The holiday island of Langkawi is bracing for the arrival of thousands of tourists as Malaysians eager for a break from pandemic restrictions begin planning for a good dose of sun, sea and sand after months of virus lockdown.
MalaysiaNow understands that hotels and resorts have already received thousands of bookings following the government’s announcement that Langkawi would reopen to visitors as part of a travel bubble scheme to restart the tourism industry.
The Langkawi Tourism Association (LTA) said hotels registered with it have received some 6,000 bookings, and expects to make about RM24 million in the first three days.
“We estimate some 24,000 tourists will come in the first three days after Sept 16,” said the association’s CEO Zainudin Kadir, referring to the date set by Putrajaya for the reopening of the resort island.
Langkawi was closed off to visitors early this year after the detection of tourism-linked clusters.
Zainudin reckons the island has suffered losses of more than RM1 billion since then.
But while tourism operators are eager to begin welcoming back visitors, he said those who come to the island must not lie about their vaccination status.
Only tourists who have been fully vaccinated are allowed to visit Langkawi, and entrance checks will be strict.

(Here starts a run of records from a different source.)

(* Let $u\in\mathcal{B}^N$, $m\in\mathbb{R}$, $\varepsilon>0$, $(r,\sigma)\in F(N,A,u,m)$ and $(t,\sigma)\in F(N,A,u,m-\varepsilon)$ such that $r_a>t_a$ for each $a\in A$. Suppose there is no $i\in N$ and $a\in A$ with $r_a>b_i>t_a$. Then $\sigma$ is a minimum weight perfect matching in $\mathcal{F}^u_\kappa(t)$.
   Context: Fix a finite set $\{\rho_1,\dots,\rho_k\}\subseteq\mathbb{R}_+$ with $\rho_1=0$. $N=\{1,\dots,n\}$ agents, $A$ a set of $n$ rooms. $\mathcal{B}$ is the set of utility functions $u_i(r_a,a)=v^i_a-r_a-\rho_i\max\{0,r_a-b_i\}$ with $v^i\in\mathbb{R}^A$, $b_i\ge0$, $\rho_i\in\{\rho_1,\dots,\rho_k\}$. An allocation for $(N,A,u,m)$ is $(r,\sigma)$ with $\sigma:N\to A$ a bijection, $r\in\mathbb{R}^A$, $\sum_ar_a=m$; envy-free means $u_i(r_{\sigma(i)},\sigma(i))\ge u_i(r_{\sigma(j)},\sigma(j))$ for all $i,j$; $F(N,A,u,m)$ is the set of envy-free allocations. $\kappa_{ia}(u,t)=1+\rho_i$ if $t_a\ge b_i$ and $1$ otherwise (absolute marginal disutility of an increase of rent of room $a$ at $t$). For $t$ with some envy-free $(t,\sigma)$, $\mathcal{F}(t)$ is the bipartite graph on $N\cup A$ with edge $(i,a)$ iff $u_i(t_{\sigma(i)},\sigma(i))=u_i(t_a,a)$, and $\mathcal{F}^u_\kappa(t)$ has weights $w(i,a)=\log\kappa_{ia}(u,t)$; a minimum weight perfect matching is a bijection $\mu:N\to A$ using only edges of $\mathcal{F}(t)$ minimizing $\sum_iw(i,\mu(i))$ among such. *)

theory Defs
  imports "HOL-Analysis.Analysis"
begin

definition util :: "('i \<Rightarrow> 'a \<Rightarrow> real) \<Rightarrow> ('i \<Rightarrow> real) \<Rightarrow> ('i \<Rightarrow> real)
    \<Rightarrow> 'i \<Rightarrow> real \<Rightarrow> 'a \<Rightarrow> real" where
  "util v b rho i x a = v i a - x - rho i * max 0 (x - b i)"

definition in_B :: "real set \<Rightarrow> 'i set \<Rightarrow> ('i \<Rightarrow> real) \<Rightarrow> ('i \<Rightarrow> real) \<Rightarrow> bool" where
  "in_B Rhos N b rho \<longleftrightarrow> (\<forall>i\<in>N. b i \<ge> 0 \<and> rho i \<in> Rhos)"

definition allocation :: "'i set \<Rightarrow> 'a set \<Rightarrow> real \<Rightarrow> ('a \<Rightarrow> real) \<Rightarrow> ('i \<Rightarrow> 'a) \<Rightarrow> bool" where
  "allocation N A m r \<sigma> \<longleftrightarrow> bij_betw \<sigma> N A \<and> (\<Sum>a\<in>A. r a) = m"

definition envy_free :: "'i set \<Rightarrow> 'a set \<Rightarrow> ('i \<Rightarrow> real \<Rightarrow> 'a \<Rightarrow> real) \<Rightarrow> real
    \<Rightarrow> ('a \<Rightarrow> real) \<Rightarrow> ('i \<Rightarrow> 'a) \<Rightarrow> bool" where
  "envy_free N A u m r \<sigma> \<longleftrightarrow> allocation N A m r \<sigma> \<and>
     (\<forall>i\<in>N. \<forall>j\<in>N. u i (r (\<sigma> i)) (\<sigma> i) \<ge> u i (r (\<sigma> j)) (\<sigma> j))"

definition kappa :: "('i \<Rightarrow> real) \<Rightarrow> ('i \<Rightarrow> real) \<Rightarrow> ('a \<Rightarrow> real) \<Rightarrow> 'i \<Rightarrow> 'a \<Rightarrow> real" where
  "kappa b rho t i a = (if t a \<ge> b i then 1 + rho i else 1)"

definition indiff_edge :: "('i \<Rightarrow> real \<Rightarrow> 'a \<Rightarrow> real) \<Rightarrow> ('a \<Rightarrow> real) \<Rightarrow> ('i \<Rightarrow> 'a)
    \<Rightarrow> 'i \<Rightarrow> 'a \<Rightarrow> bool" where
  "indiff_edge u t \<sigma> i a \<longleftrightarrow> u i (t (\<sigma> i)) (\<sigma> i) = u i (t a) a"

definition perfect_matching :: "'i set \<Rightarrow> 'a set \<Rightarrow> ('i \<Rightarrow> real \<Rightarrow> 'a \<Rightarrow> real)
    \<Rightarrow> ('a \<Rightarrow> real) \<Rightarrow> ('i \<Rightarrow> 'a) \<Rightarrow> ('i \<Rightarrow> 'a) \<Rightarrow> bool" where
  "perfect_matching N A u t \<sigma> \<mu> \<longleftrightarrow> bij_betw \<mu> N A \<and> (\<forall>i\<in>N. indiff_edge u t \<sigma> i (\<mu> i))"

definition min_weight_pm :: "'i set \<Rightarrow> 'a set \<Rightarrow> ('i \<Rightarrow> 'a \<Rightarrow> real) \<Rightarrow> ('i \<Rightarrow> real)
    \<Rightarrow> ('i \<Rightarrow> real) \<Rightarrow> ('a \<Rightarrow> real) \<Rightarrow> ('i \<Rightarrow> 'a) \<Rightarrow> ('i \<Rightarrow> 'a) \<Rightarrow> bool" where
  "min_weight_pm N A v b rho t \<sigma> \<mu> \<longleftrightarrow>
     perfect_matching N A (util v b rho) t \<sigma> \<mu> \<and>
     (\<forall>\<nu>. perfect_matching N A (util v b rho) t \<sigma> \<nu> \<longrightarrow>
        (\<Sum>i\<in>N. ln (kappa b rho t i (\<mu> i))) \<le> (\<Sum>i\<in>N. ln (kappa b rho t i (\<nu> i))))"

end

theory Submission
  imports Defs
begin

text \<open>Put \<open>d a = r a - t a > 0\<close>. As no budget lies strictly between \<open>t a\<close> and \<open>r a\<close>, the
  utility of room \<open>a\<close> is affine on \<open>[t a, r a]\<close> with slope \<open>-\<kappa> i a\<close>, so raising the rents
  from \<open>t\<close> to \<open>r\<close> costs agent \<open>i\<close> exactly \<open>\<kappa> i a * d a\<close> on room \<open>a\<close>. If \<open>i\<close> is indifferent
  at \<open>t\<close> between \<open>\<sigma> i\<close> and \<open>\<nu> i\<close> but does not envy \<open>\<nu> i\<close> at \<open>r\<close>, this gives
  \<open>\<kappa> i (\<sigma> i) * d (\<sigma> i) \<le> \<kappa> i (\<nu> i) * d (\<nu> i)\<close>. Taking logarithms and summing over \<open>i\<close>, the
  terms \<open>ln (d a)\<close> add up to the same total for every bijection \<open>N \<rightarrow> A\<close> and cancel.\<close>

lemma util_eq_minus_kappa_mult:
  assumes "t a \<le> r a" and "\<not> (t a < b i \<and> b i < r a)"
  shows "util v b rho i (r a) a = util v b rho i (t a) a - kappa b rho t i a * (r a - t a)"
proof (cases "b i \<le> t a")
  case True
  then show ?thesis using assms(1) by (simp add: util_def kappa_def max_def algebra_simps)
next
  case False
  then have "r a \<le> b i" using assms(2) by linarith
  then show ?thesis using False by (simp add: util_def kappa_def max_def algebra_simps)
qed

lemma kappa_pos: "0 \<le> rho i \<Longrightarrow> 0 < kappa b rho t i a"
  by (simp add: kappa_def)

lemma envy_free_no_envy_room:
  assumes "envy_free N A u m r \<sigma>" and "i \<in> N" and "a \<in> A"
  shows "u i (r a) a \<le> u i (r (\<sigma> i)) (\<sigma> i)"
proof -
  have "bij_betw \<sigma> N A" using assms(1) by (simp add: envy_free_def allocation_def)
  then obtain j where "j \<in> N" and "a = \<sigma> j"
    using assms(3) by (metis bij_betw_imp_surj_on imageE)
  then show ?thesis using assms(1,2) by (simp add: envy_free_def)
qed

lemma perfect_matching_self: "bij_betw \<sigma> N A \<Longrightarrow> perfect_matching N A u t \<sigma> \<sigma>"
  by (simp add: perfect_matching_def indiff_edge_def)

lemma kappa_mult_gap_le_of_indiff:
  assumes ef: "envy_free N A (util v b rho) m r \<sigma>" and i: "i \<in> N" and a: "a \<in> A"
    and indiff: "util v b rho i (t (\<sigma> i)) (\<sigma> i) = util v b rho i (t a) a"
    and t_le_r: "\<And>a. a \<in> A \<Longrightarrow> t a \<le> r a"
    and no_budget_between: "\<And>a. a \<in> A \<Longrightarrow> \<not> (t a < b i \<and> b i < r a)"
  shows "kappa b rho t i (\<sigma> i) * (r (\<sigma> i) - t (\<sigma> i)) \<le> kappa b rho t i a * (r a - t a)"
proof -
  have \<sigma>_i: "\<sigma> i \<in> A"
    using ef i by (auto simp: envy_free_def allocation_def dest: bij_betw_apply)
  show ?thesis
    using envy_free_no_envy_room[OF ef i a] indiff
      util_eq_minus_kappa_mult[of t "\<sigma> i" r b i v rho, OF t_le_r[OF \<sigma>_i] no_budget_between[OF \<sigma>_i]]
      util_eq_minus_kappa_mult[of t a r b i v rho, OF t_le_r[OF a] no_budget_between[OF a]]
    by linarith
qed

lemma sum_ln_le_of_mult_potential_le:
  fixes w :: "'i \<Rightarrow> 'a \<Rightarrow> real" and d :: "'a \<Rightarrow> real"
  assumes \<sigma>: "bij_betw \<sigma> N A" and \<nu>: "bij_betw \<nu> N A"
    and d_pos: "\<And>a. a \<in> A \<Longrightarrow> 0 < d a"
    and w_pos: "\<And>i a. i \<in> N \<Longrightarrow> a \<in> A \<Longrightarrow> 0 < w i a"
    and le: "\<And>i. i \<in> N \<Longrightarrow> w i (\<sigma> i) * d (\<sigma> i) \<le> w i (\<nu> i) * d (\<nu> i)"
  shows "(\<Sum>i\<in>N. ln (w i (\<sigma> i))) \<le> (\<Sum>i\<in>N. ln (w i (\<nu> i)))"
proof -
  have ln_le: "ln (w i (\<sigma> i)) + ln (d (\<sigma> i)) \<le> ln (w i (\<nu> i)) + ln (d (\<nu> i))"
    if i: "i \<in> N" for i
  proof -
    have "\<sigma> i \<in> A" "\<nu> i \<in> A" using \<sigma> \<nu> i by (auto dest: bij_betw_apply)
    with i have pos: "0 < w i (\<sigma> i)" "0 < d (\<sigma> i)" "0 < w i (\<nu> i)" "0 < d (\<nu> i)"
      by (simp_all add: d_pos w_pos)
    then have "ln (w i (\<sigma> i)) + ln (d (\<sigma> i)) = ln (w i (\<sigma> i) * d (\<sigma> i))"
      by (simp add: ln_mult_pos)
    also have "\<dots> \<le> ln (w i (\<nu> i) * d (\<nu> i))"
      using pos le[OF i] by simp
    also have "\<dots> = ln (w i (\<nu> i)) + ln (d (\<nu> i))"
      using pos by (simp add: ln_mult_pos)
    finally show ?thesis .
  qed
  have "(\<Sum>i\<in>N. ln (d (\<sigma> i))) = (\<Sum>a\<in>A. ln (d a))"
    using sum.reindex_bij_betw[OF \<sigma>] .
  moreover have "(\<Sum>i\<in>N. ln (d (\<nu> i))) = (\<Sum>a\<in>A. ln (d a))"
    using sum.reindex_bij_betw[OF \<nu>] .
  moreover have "(\<Sum>i\<in>N. ln (w i (\<sigma> i))) + (\<Sum>i\<in>N. ln (d (\<sigma> i)))
      \<le> (\<Sum>i\<in>N. ln (w i (\<nu> i))) + (\<Sum>i\<in>N. ln (d (\<nu> i)))"
    using sum_mono[OF ln_le] by (simp add: sum.distrib)
  ultimately show ?thesis by simp
qed

theorem lemma7:
  fixes N :: "'i set" and A :: "'a set" and Rhos :: "real set"
    and v :: "'i \<Rightarrow> 'a \<Rightarrow> real" and b rho :: "'i \<Rightarrow> real"
    and m \<epsilon> :: real and r t :: "'a \<Rightarrow> real" and \<sigma> :: "'i \<Rightarrow> 'a"
  assumes "finite Rhos" and "0 \<in> Rhos" and "\<forall>x\<in>Rhos. x \<ge> 0"
    and "finite N" and "finite A" and "card A = card N"
    and "in_B Rhos N b rho"
    and "\<epsilon> > 0"
    and "envy_free N A (util v b rho) m r \<sigma>"
    and "envy_free N A (util v b rho) (m - \<epsilon>) t \<sigma>"
    and "\<forall>a\<in>A. r a > t a"
    and "\<not> (\<exists>i\<in>N. \<exists>a\<in>A. r a > b i \<and> b i > t a)"
  shows "min_weight_pm N A v b rho t \<sigma> \<sigma>"
proof -
  let ?u = "util v b rho" and ?\<kappa> = "kappa b rho t"
  have \<sigma>: "bij_betw \<sigma> N A" using assms(9) by (simp add: envy_free_def allocation_def)
  have \<kappa>_pos: "0 < ?\<kappa> i a" if "i \<in> N" for i a
    using assms(3,7) that by (intro kappa_pos) (auto simp: in_B_def)
  have "(\<Sum>i\<in>N. ln (?\<kappa> i (\<sigma> i))) \<le> (\<Sum>i\<in>N. ln (?\<kappa> i (\<nu> i)))"
    if "perfect_matching N A ?u t \<sigma> \<nu>" for \<nu>
  proof -
    from that have \<nu>: "bij_betw \<nu> N A" and indiff: "\<And>i. i \<in> N \<Longrightarrow> indiff_edge ?u t \<sigma> i (\<nu> i)"
      by (auto simp: perfect_matching_def)
    have cost_le: "?\<kappa> i (\<sigma> i) * (r (\<sigma> i) - t (\<sigma> i)) \<le> ?\<kappa> i (\<nu> i) * (r (\<nu> i) - t (\<nu> i))"
      if i: "i \<in> N" for i
      using assms(11,12) i indiff[OF i] bij_betw_apply[OF \<nu> i]
      by (intro kappa_mult_gap_le_of_indiff[OF assms(9)]) (auto simp: indiff_edge_def)
    show ?thesis
      by (rule sum_ln_le_of_mult_potential_le[where w = ?\<kappa> and d = "\<lambda>a. r a - t a", OF \<sigma> \<nu>])
        (simp_all add: assms(11) \<kappa>_pos cost_le)
  qed
  then show ?thesis using perfect_matching_self[OF \<sigma>] by (simp add: min_weight_pm_def)
qed

end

Zainudin said the entrance at the jetty and the airport would be tightly monitored to make sure that only those who have completed their vaccination are allowed in.
“Tourists must have completed 14 days since receiving their second jab,” he said.
“If anyone is found to have flouted this rule, they will not be allowed to enter. We will tell them to turn back.”
Prime Minister Ismail Sabri Yaakob announced last week that Langkawi had been chosen as a pilot project for the travel bubble programme.
Zainudin said those looking for their first getaway in months could make hotel reservations and enter the island through the Langkawi International Airport or the Kuala Perlis jetty.
The Kuala Kedah jetty remains closed for now due to the implementation of enhanced movement control order in the area, scheduled to end on Sept 19.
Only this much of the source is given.